# YOUR INSTRUCTIONS
Using the listing below, copy exactly the lines from the one containing "nt \<beta> lam" to the one containing "exp (\<beta> *", both lines included, and no others.

--

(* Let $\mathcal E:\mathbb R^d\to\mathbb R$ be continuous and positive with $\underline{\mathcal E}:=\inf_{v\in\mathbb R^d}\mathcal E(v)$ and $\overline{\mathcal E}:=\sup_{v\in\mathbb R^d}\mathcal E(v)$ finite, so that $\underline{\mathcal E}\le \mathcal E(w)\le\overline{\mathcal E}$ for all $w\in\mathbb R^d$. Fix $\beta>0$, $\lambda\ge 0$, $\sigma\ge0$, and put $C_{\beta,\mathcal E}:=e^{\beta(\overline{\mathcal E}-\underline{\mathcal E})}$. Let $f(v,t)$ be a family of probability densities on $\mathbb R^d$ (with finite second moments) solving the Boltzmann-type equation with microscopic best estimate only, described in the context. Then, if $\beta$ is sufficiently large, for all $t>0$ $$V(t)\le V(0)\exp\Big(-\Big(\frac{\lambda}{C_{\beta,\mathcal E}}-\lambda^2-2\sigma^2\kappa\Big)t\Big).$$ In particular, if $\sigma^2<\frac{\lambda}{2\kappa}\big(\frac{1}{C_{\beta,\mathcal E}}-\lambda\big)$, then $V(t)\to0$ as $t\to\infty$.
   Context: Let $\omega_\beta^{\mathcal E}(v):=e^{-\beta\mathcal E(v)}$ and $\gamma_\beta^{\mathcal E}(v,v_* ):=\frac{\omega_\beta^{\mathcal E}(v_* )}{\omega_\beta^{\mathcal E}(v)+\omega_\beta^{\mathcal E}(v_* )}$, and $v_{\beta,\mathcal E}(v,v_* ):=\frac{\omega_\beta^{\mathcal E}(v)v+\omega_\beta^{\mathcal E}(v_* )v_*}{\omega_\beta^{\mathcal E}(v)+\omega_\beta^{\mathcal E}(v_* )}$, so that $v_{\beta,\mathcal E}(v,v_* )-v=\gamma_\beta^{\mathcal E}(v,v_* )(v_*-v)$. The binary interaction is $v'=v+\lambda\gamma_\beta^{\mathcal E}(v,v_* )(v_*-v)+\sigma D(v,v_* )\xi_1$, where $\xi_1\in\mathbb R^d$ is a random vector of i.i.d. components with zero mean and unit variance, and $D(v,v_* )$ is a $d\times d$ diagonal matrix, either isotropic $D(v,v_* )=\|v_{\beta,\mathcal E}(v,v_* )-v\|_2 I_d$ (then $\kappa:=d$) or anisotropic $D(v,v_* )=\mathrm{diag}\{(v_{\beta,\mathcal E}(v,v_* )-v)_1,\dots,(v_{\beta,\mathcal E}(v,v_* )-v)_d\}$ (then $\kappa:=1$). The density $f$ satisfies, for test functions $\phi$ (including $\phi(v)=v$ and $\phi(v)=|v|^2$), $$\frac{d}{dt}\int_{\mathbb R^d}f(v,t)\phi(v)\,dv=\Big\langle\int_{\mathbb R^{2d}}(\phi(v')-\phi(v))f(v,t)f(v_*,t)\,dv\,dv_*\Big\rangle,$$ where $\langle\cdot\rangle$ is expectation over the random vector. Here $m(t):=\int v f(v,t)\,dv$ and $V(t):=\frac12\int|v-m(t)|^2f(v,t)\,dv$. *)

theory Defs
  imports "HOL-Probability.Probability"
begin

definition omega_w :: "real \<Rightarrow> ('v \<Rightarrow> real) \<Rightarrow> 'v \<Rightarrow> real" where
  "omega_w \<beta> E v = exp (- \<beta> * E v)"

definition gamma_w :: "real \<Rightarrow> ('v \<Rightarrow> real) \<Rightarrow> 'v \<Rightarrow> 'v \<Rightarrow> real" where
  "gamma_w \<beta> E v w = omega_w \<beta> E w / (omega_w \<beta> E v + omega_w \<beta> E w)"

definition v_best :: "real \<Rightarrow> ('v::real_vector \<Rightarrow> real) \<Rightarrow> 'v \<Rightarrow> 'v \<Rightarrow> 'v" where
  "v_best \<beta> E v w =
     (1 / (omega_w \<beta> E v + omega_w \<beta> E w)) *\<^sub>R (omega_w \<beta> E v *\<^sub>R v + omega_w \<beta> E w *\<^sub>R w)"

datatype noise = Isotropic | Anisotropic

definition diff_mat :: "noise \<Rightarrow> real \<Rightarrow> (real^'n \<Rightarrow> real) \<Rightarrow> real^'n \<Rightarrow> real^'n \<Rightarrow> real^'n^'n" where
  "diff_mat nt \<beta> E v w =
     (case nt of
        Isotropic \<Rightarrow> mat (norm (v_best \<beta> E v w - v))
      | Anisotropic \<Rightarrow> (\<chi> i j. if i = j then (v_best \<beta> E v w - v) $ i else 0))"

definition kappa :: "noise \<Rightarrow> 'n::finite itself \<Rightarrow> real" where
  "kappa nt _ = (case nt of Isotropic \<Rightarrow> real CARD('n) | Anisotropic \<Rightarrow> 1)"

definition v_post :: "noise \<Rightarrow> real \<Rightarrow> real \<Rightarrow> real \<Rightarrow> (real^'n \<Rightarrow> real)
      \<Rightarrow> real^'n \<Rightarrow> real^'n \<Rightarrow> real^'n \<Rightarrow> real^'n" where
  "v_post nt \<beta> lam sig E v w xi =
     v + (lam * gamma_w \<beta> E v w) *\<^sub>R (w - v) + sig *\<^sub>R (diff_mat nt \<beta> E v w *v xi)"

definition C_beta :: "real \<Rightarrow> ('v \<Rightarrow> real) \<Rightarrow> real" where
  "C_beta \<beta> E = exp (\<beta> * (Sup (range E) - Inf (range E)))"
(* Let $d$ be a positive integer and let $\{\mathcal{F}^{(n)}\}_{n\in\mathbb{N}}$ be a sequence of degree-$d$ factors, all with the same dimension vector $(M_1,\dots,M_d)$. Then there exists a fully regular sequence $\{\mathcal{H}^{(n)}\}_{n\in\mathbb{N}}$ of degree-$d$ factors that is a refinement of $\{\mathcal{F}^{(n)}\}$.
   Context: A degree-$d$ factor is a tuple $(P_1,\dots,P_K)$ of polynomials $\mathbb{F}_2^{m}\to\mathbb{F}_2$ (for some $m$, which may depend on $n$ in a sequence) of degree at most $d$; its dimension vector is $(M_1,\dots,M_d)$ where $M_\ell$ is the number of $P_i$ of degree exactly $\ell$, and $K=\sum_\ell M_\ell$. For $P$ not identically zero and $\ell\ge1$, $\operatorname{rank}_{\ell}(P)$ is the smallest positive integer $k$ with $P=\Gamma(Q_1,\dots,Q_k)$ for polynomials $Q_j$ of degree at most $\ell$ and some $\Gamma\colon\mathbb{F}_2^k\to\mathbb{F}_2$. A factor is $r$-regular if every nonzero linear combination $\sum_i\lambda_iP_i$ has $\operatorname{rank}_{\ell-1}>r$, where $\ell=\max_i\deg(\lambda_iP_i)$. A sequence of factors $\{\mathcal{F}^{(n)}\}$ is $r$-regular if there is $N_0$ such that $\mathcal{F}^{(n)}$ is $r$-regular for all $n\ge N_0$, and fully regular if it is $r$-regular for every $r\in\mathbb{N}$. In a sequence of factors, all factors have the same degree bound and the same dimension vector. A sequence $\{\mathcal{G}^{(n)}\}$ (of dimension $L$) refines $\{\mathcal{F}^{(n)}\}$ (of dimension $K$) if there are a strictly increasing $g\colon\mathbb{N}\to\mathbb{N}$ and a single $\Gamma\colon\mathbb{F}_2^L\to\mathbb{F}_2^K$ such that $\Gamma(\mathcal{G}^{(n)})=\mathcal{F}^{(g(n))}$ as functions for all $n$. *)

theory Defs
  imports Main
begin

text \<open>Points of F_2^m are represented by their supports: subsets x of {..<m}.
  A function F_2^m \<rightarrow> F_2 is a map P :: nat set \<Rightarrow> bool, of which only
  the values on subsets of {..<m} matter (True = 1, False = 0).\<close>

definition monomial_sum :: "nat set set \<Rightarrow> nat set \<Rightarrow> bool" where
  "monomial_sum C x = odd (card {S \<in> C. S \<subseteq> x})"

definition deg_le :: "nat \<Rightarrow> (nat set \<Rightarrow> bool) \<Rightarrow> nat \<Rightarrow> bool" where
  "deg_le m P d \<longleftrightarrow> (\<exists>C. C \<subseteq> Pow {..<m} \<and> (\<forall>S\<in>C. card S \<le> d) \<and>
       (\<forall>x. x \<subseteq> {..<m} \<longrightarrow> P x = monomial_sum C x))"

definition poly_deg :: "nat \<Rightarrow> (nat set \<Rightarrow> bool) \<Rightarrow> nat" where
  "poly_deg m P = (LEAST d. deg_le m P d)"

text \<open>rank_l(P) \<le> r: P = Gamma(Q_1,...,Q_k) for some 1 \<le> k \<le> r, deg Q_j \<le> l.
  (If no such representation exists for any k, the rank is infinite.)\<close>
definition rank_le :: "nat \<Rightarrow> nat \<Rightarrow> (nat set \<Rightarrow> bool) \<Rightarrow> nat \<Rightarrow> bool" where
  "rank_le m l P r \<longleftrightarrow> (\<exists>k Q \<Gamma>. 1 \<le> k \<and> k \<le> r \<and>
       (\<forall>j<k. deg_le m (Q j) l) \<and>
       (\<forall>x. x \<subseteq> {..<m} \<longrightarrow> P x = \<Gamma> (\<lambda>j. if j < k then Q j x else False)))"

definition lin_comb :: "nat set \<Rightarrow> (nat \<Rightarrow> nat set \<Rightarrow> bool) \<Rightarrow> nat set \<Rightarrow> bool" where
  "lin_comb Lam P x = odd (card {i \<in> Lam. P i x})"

--

# ANSWER TO THIS EXERCISE
  "v_post nt \<beta> lam sig E v w xi =
     v + (lam * gamma_w \<beta> E v w) *\<^sub>R (w - v) + sig *\<^sub>R (diff_mat nt \<beta> E v w *v xi)"

definition C_beta :: "real \<Rightarrow> ('v \<Rightarrow> real) \<Rightarrow> real" where
  "C_beta \<beta> E = exp (\<beta> * (Sup (range E) - Inf (range E)))"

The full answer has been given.